En Irlande du Nord, Londres profite par ailleurs du règlement du Brexit pour avancer sur une loi d’amnistie des soldats ayant participé aux « Troubles ». Le Sinn Fein, lui aussi particulièrement radical sur les questions sociétales, semble incapable de former un gouvernement malgré sa dernière victoire électorale. Le poste de Premier ministre demeure vacant à Stormont, le Parlement nord-irlandais, depuis 2022.
En Flandre et en Italie du Nord, les partis régionalistes se sont tenus à distance du mouvement décolonial et se sont rapprochés depuis de nombreuses années de la droite nationaliste ou conservatrice européenne. Bart De Wever, président général de la Nieuw-Vlaamse Alliantie (N-VA) depuis 2004, est un concurrent du plus radical Vlaams Belang, mais ils partagent le même objectif.
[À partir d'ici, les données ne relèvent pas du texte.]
lemma sum_adj_mult_fourier:
  assumes p: "prime p" and t: "0 < t" "t < p"
  shows "(\<Sum>x\<in>Fpl p l. adj_mult d (fourier p l t F x) i j) =
    (\<Sum>r\<in>Fpl p l. adj_mult d (F r) i j) / of_nat (p ^ l)"
proof -
  let ?F = "Fpl p l" and ?N = "of_nat (p ^ l) :: complex"
  define S where "S x k i = (\<Sum>r\<in>?F. cnj (unit_root p) ^ (t * dotp p x r) * F r k i)" for x k i
  have p0: "p > 0" using p prime_gt_0_nat by blast
  have "(\<Sum>x\<in>?F. adj_mult d (fourier p l t F x) i j) =
      (\<Sum>k<d. \<Sum>x\<in>?F. cnj (fourier p l t F x k i) * fourier p l t F x k j)"
    unfolding adj_mult_def by (rule sum.swap)
  also have "\<dots> = (\<Sum>k<d. (\<Sum>x\<in>?F. cnj (S x k i) * S x k j) / (?N * ?N))"
    unfolding fourier_def S_def[symmetric] by (simp add: sum_divide_distrib)
  also have "\<dots> = (\<Sum>k<d. (\<Sum>r\<in>?F. cnj (F r k i) * F r k j) / ?N)"
    unfolding S_def sum_Fpl_fourier_parseval[OF p t] using p0 by simp
  also have "\<dots> = (\<Sum>r\<in>?F. adj_mult d (F r) i j) / ?N"
    unfolding adj_mult_def sum_divide_distrib by (rule sum.swap)
  finally show ?thesis .
qed

lemma pos_semidef_fourier_defect:
  assumes p: "prime p" and t: "0 < t" "t < p" and M: "\<forall>r\<in>Fpl p l. is_povm d {..<p} (M r)"
  shows "pos_semidef d (\<lambda>i j. kdelta i j - (\<Sum>x\<in>Fpl p l. adj_mult d (fourier p l t (\<lambda>r. observable p t (M r)) x) i j))"
  unfolding pos_semidef_def
proof
  fix f
  let ?F = "Fpl p l" and ?N = "of_nat (p ^ l) :: complex"
  define q where "q r = (\<Sum>k<d. (cmod (\<Sum>j<d. observable p t (M r) k j * f j))\<^sup>2)" for r
  define n where "n = (\<Sum>j<d. (cmod (f j))\<^sup>2)"
  have q_le: "q r \<le> n" if "r \<in> ?F" for r
    using qform_adj_mult_observable_le[OF M[rule_format, OF that]] unfolding q_def n_def qform_adj_mult by simp
  have "qform d (\<lambda>i j. \<Sum>x\<in>?F. adj_mult d (fourier p l t (\<lambda>r. observable p t (M r)) x) i j) f =
      qform d (\<lambda>i j. (1 / ?N) * (\<Sum>r\<in>?F. adj_mult d (observable p t (M r)) i j)) f"
    by (rule qform_cong) (simp add: sum_adj_mult_fourier[OF p t])
  also have "\<dots> = of_real ((\<Sum>r\<in>?F. q r) / real (p ^ l))"
    unfolding qform_scale qform_sum qform_adj_mult q_def by (simp add: of_real_sum)
  finally have "qform d (\<lambda>i j. kdelta i j - (\<Sum>x\<in>?F. adj_mult d (fourier p l t (\<lambda>r. observable p t (M r)) x) i j)) f =
      of_real (n - (\<Sum>r\<in>?F. q r) / real (p ^ l))"
    unfolding qform_diff qform_kdelta n_def by simp
  moreover have "(\<Sum>r\<in>?F. q r) \<le> real (p ^ l) * n"
    using sum_bounded_above[of ?F q n] q_le by (simp add: card_Fpl)
  then have "(\<Sum>r\<in>?F. q r) / real (p ^ l) \<le> n"
    using p prime_gt_0_nat by (simp add: divide_le_eq mult.commute)
  ultimately show "qform d (\<lambda>i j. kdelta i j - (\<Sum>x\<in>?F. adj_mult d (fourier p l t (\<lambda>r. observable p t (M r)) x) i j)) f \<in> \<real> \<and>
      0 \<le> Re (qform d (\<lambda>i j. kdelta i j - (\<Sum>x\<in>?F. adj_mult d (fourier p l t (\<lambda>r. observable p t (M r)) x) i j)) f)"
    by simp
qed

definition completed_povm :: "nat \<Rightarrow> 'a set \<Rightarrow> 'a \<Rightarrow> ('a \<Rightarrow> nat \<Rightarrow> nat \<Rightarrow> complex) \<Rightarrow> 'a \<Rightarrow> complex mat" where
  "completed_povm d S x0 A x =
    mat d d (\<lambda>(i, j). A x i j + (if x = x0 then kdelta i j - (\<Sum>y\<in>S. A y i j) else 0))"

lemma is_povm_completed_povm:
  assumes S: "finite S" "x0 \<in> S" and A: "\<forall>x\<in>S. pos_semidef d (A x)"
    and defect: "pos_semidef d (\<lambda>i j. kdelta i j - (\<Sum>y\<in>S. A y i j))"
  shows "is_povm d S (completed_povm d S x0 A)"
  unfolding is_povm_def
proof (intro conjI ballI allI impI S(1))
  fix x assume "x \<in> S"
  then have "pos_semidef d (\<lambda>i j. A x i j + (if x = x0 then kdelta i j - (\<Sum>y\<in>S. A y i j) else 0))"
    using A defect by (intro pos_semidef_add pos_semidef_if) auto
  then show "psd d (completed_povm d S x0 A x)"
    unfolding psd_iff_pos_semidef completed_povm_def by (auto elim: pos_semidef_cong)
next
  fix i j assume "i < d" "j < d"
  then show "(\<Sum>x\<in>S. completed_povm d S x0 A x $$ (i, j)) = kdelta i j"
    using S unfolding completed_povm_def by (simp add: sum.distrib)
qed

definition guess_povm :: "nat \<Rightarrow> nat \<Rightarrow> nat \<Rightarrow> nat \<Rightarrow> (nat list \<Rightarrow> nat \<Rightarrow> complex mat) \<Rightarrow> nat list \<Rightarrow> complex mat" where
  "guess_povm d p l t M = completed_povm d (Fpl p l) (replicate l 0)
    (\<lambda>x. adj_mult d (fourier p l t (\<lambda>r. observable p t (M r)) x))"

lemma is_povm_guess_povm:
  assumes "prime p" "0 < t" "t < p" "\<forall>r\<in>Fpl p l. is_povm d {..<p} (M r)"
  shows "is_povm d (Fpl p l) (guess_povm d p l t M)"
  unfolding guess_povm_def
  using assms prime_gt_0_nat replicate_zero_in_Fpl pos_semidef_adj_mult pos_semidef_fourier_defect
  by (intro is_povm_completed_povm) auto

lemma cq_state_pos_semidef:
  "cq_state p l dB dC \<rho> \<Longrightarrow> x \<in> Fpl p l \<Longrightarrow> y \<in> Fpl p l \<Longrightarrow> pos_semidef (dB * dC) (entries (\<rho> x y))"
  unfolding cq_state_def psd_iff_pos_semidef by blast

lemma cq_state_carrier:
  "cq_state p l dB dC \<rho> \<Longrightarrow> x \<in> Fpl p l \<Longrightarrow> y \<in> Fpl p l \<Longrightarrow> \<rho> x y \<in> carrier_mat (dB * dC) (dB * dC)"
  unfolding cq_state_def psd_def by blast

lemma cq_state_trace:
  assumes "cq_state p l dB dC \<rho>"
  shows "(\<Sum>x\<in>Fpl p l. \<Sum>y\<in>Fpl p l. \<Sum>I<dB * dC. \<rho> x y $$ (I, I)) = 1"
proof -
  have "dim_row (\<rho> x y) = dB * dC" if "x \<in> Fpl p l" "y \<in> Fpl p l" for x y
    using cq_state_carrier[OF assms that] by simp
  then have "(\<Sum>x\<in>Fpl p l. \<Sum>y\<in>Fpl p l. \<Sum>I<dB * dC. \<rho> x y $$ (I, I)) =
      (\<Sum>x\<in>Fpl p l. \<Sum>y\<in>Fpl p l. mtrace (\<rho> x y))"
    unfolding mtrace_def by simp
  then show ?thesis using assms unfolding cq_state_def by simp
qed

lemma guess_prob_eq_tensor_trace:
  assumes "cq_state p l dB dC \<rho>" "is_povm dB (Fpl p l) M" "is_povm dC (Fpl p l) N"
  shows "guess_prob p l \<rho> M N =
    (\<Sum>x\<in>Fpl p l. \<Sum>y\<in>Fpl p l. Re (tensor_trace dB dC (entries (\<rho> x y)) (entries (M x)) (entries (N y))))"
  unfolding guess_prob_def
proof (intro sum.cong refl)
  fix x y assume "x \<in> Fpl p l" "y \<in> Fpl p l"
  then show "Re (mtrace (kron (M x) (N y) * \<rho> x y)) =
      Re (tensor_trace dB dC (entries (\<rho> x y)) (entries (M x)) (entries (N y)))"
    using mtrace_kron_mult[OF is_povm_carrier[OF assms(2)] is_povm_carrier[OF assms(3)] cq_state_carrier[OF assms(1)]]
    by simp
qed

lemma guess_prob_le_1:
  assumes cq: "cq_state p l dB dC \<rho>" and M: "is_povm dB (Fpl p l) M" and N: "is_povm dC (Fpl p l) N"
  shows "guess_prob p l \<rho> M N \<le> 1"
proof -
  let ?F = "Fpl p l"
  let ?g = "\<lambda>x y x' y'. Re (tensor_trace dB dC (entries (\<rho> x y)) (entries (M x')) (entries (N y')))"
  have nonneg: "0 \<le> ?g x y x' y'" if "x \<in> ?F" "y \<in> ?F" "x' \<in> ?F" "y' \<in> ?F" for x y x' y'
    by (rule tensor_trace_nonneg(2)[OF cq_state_pos_semidef[OF cq that(1,2)]
          is_povm_pos_semidef[OF M that(3)] is_povm_pos_semidef[OF N that(4)]])
  have total: "(\<Sum>x'\<in>?F. \<Sum>y'\<in>?F. ?g x y x' y') = Re (\<Sum>I<dB * dC. \<rho> x y $$ (I, I))" for x y
  proof -
    have "(\<Sum>x'\<in>?F. \<Sum>y'\<in>?F. ?g x y x' y') =
        Re (tensor_trace dB dC (entries (\<rho> x y)) (\<lambda>i j. \<Sum>x'\<in>?F. M x' $$ (i, j)) (\<lambda>i j. \<Sum>y'\<in>?F. N y' $$ (i, j)))"
      by (simp only: tensor_trace_sum_left tensor_trace_sum_right Re_sum)
    also have "\<dots> = Re (tensor_trace dB dC (entries (\<rho> x y)) kdelta kdelta)"
      using is_povm_sum[OF M] is_povm_sum[OF N] by (intro arg_cong[where f = Re] tensor_trace_cong) auto
    finally show ?thesis by (simp add: tensor_trace_kdelta)
  qed
  have "?g x y x y \<le> Re (\<Sum>I<dB * dC. \<rho> x y $$ (I, I))" if "x \<in> ?F" "y \<in> ?F" for x y
  proof -
    have "?g x y x y \<le> (\<Sum>y'\<in>?F. ?g x y x y')"
      using nonneg that by (intro member_le_sum) auto
    also have "\<dots> \<le> (\<Sum>x'\<in>?F. \<Sum>y'\<in>?F. ?g x y x' y')"
      using nonneg that by (intro member_le_sum[where f = "\<lambda>x'. \<Sum>y'\<in>?F. ?g x y x' y'"] sum_nonneg) auto
    finally show ?thesis unfolding total .
  qed
  then have "guess_prob p l \<rho> M N \<le> (\<Sum>x\<in>?F. \<Sum>y\<in>?F. Re (\<Sum>I<dB * dC. \<rho> x y $$ (I, I)))"
    unfolding guess_prob_eq_tensor_trace[OF cq M N] by (intro sum_mono) auto
  also have "\<dots> = 1"
    using cq_state_trace[OF cq] by (simp flip: Re_sum)
  finally show ?thesis .
qed

lemma Re_sum_tensor_trace_le_sqrt:
  assumes R: "\<forall>i\<in>I. pos_semidef (n * m) (R i)"
    and trace: "(\<Sum>i\<in>I. Re (\<Sum>J<n * m. R i J J)) = 1"
  shows "Re (\<Sum>i\<in>I. tensor_trace n m (R i) (X i) (Y i)) \<le>
    sqrt (\<Sum>i\<in>I. Re (tensor_trace n m (R i) (adj_mult n (X i)) (adj_mult m (Y i))))"
proof -
  define tr where "tr i = Re (\<Sum>J<n * m. R i J J)" for i
  define S where "S i = Re (tensor_trace n m (R i) (adj_mult n (X i)) (adj_mult m (Y i)))" for i
  have tr: "0 \<le> tr i" if "i \<in> I" for i
    unfolding tr_def Re_sum using pos_semidef_diag(2)[OF R[rule_format, OF that]] by (auto intro: sum_nonneg)
  have S: "0 \<le> S i" if "i \<in> I" for i
    unfolding S_def by (rule tensor_trace_nonneg(2)[OF R[rule_format, OF that] pos_semidef_adj_mult pos_semidef_adj_mult])
  have cs: "cmod (tensor_trace n m (R i) (X i) (Y i)) \<le> sqrt (tr i) * sqrt (S i)" if "i \<in> I" for i
  proof -
    have "cmod (tensor_trace n m (R i) (X i) (Y i)) \<le> sqrt (tr i * S i)"
      unfolding tr_def S_def by (rule real_le_rsqrt, rule tensor_trace_cauchy_schwarz[OF R[rule_format, OF that]])
    then show ?thesis by (simp add: real_sqrt_mult)
  qed
  have "Re (\<Sum>i\<in>I. tensor_trace n m (R i) (X i) (Y i)) \<le> (\<Sum>i\<in>I. cmod (tensor_trace n m (R i) (X i) (Y i)))"
    by (rule order_trans[OF complex_Re_le_cmod norm_sum])
  also have "\<dots> \<le> (\<Sum>i\<in>I. sqrt (tr i) * sqrt (S i))"
    using cs by (rule sum_mono)
  also have "\<dots> \<le> sqrt ((\<Sum>i\<in>I. (sqrt (tr i))\<^sup>2) * (\<Sum>i\<in>I. (sqrt (S i))\<^sup>2))"
    by (rule real_le_rsqrt, rule Cauchy_Schwarz_ineq_sum)
  also have "\<dots> = sqrt (\<Sum>i\<in>I. S i)"
    using tr S trace unfolding tr_def[symmetric] by simp
  finally show ?thesis unfolding S_def .
qed

lemma min_sqrt_one_le_powr:
  fixes \<delta> :: real
  assumes "0 \<le> \<delta>"
  shows "min (sqrt \<delta>) 1 \<le> \<delta> powr (1 / 3)"
proof (cases "\<delta> \<le> 1")
  case True
  then have "min (sqrt \<delta>) 1 = \<delta> powr (1 / 2)" using assms by (simp add: powr_half_sqrt)
  also have "\<dots> \<le> \<delta> powr (1 / 3)" using True assms by (intro powr_mono') auto
  finally show ?thesis .
next
  case False
  then show ?thesis by (simp add: ge_one_powr_ge_zero)
qed

lemma fourier_observable:
  "fourier p l t (\<lambda>r. observable p t (M r)) x i j =
    (\<Sum>r\<in>Fpl p l. \<Sum>a<p. unit_root p ^ (t * a) * cnj (unit_root p) ^ (t * dotp p x r) / of_nat (p ^ l) *
      M r a $$ (i, j))"
  unfolding fourier_def observable_def by (simp add: sum_distrib_left sum_divide_distrib mult_ac)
À Strasbourg, son parti est membre de l’Alliance libérale (ALE), mais siège dans le groupe des conservateurs (CRE) où siègent également Fratelli d’Italie de Giorgia Meloni, Vox de Santiago Abascal et le PIS polonais. C’est peu dire que les thématiques sociétales du SNP, du Sinn Fein ou de la CUP catalane sont assez éloignées de cette tendance. La Ligue, héritière du mouvement autonomiste de Padanie d’Umberto Bossi, siège quant à elle avec le Rassemblement national. Il est inutile de préciser que les principes d’ouverture à l’immigration illégale, portés par Femu a Corsica ou le président social-démocrate de la région Bretagne, n’ont pas beaucoup d’écho à Anvers et à Milan.
Défiés sur leur gauche par des militants qui mettent en avant les questions raciales et religieuses, et sur leur droite par des conservateurs régionalistes qui pointent le danger pour leur culture et leur peuple d’être submergés par les vagues migratoires extra-européenne, les mouvements indépendantistes européens connaissent une période de tension politique inédite.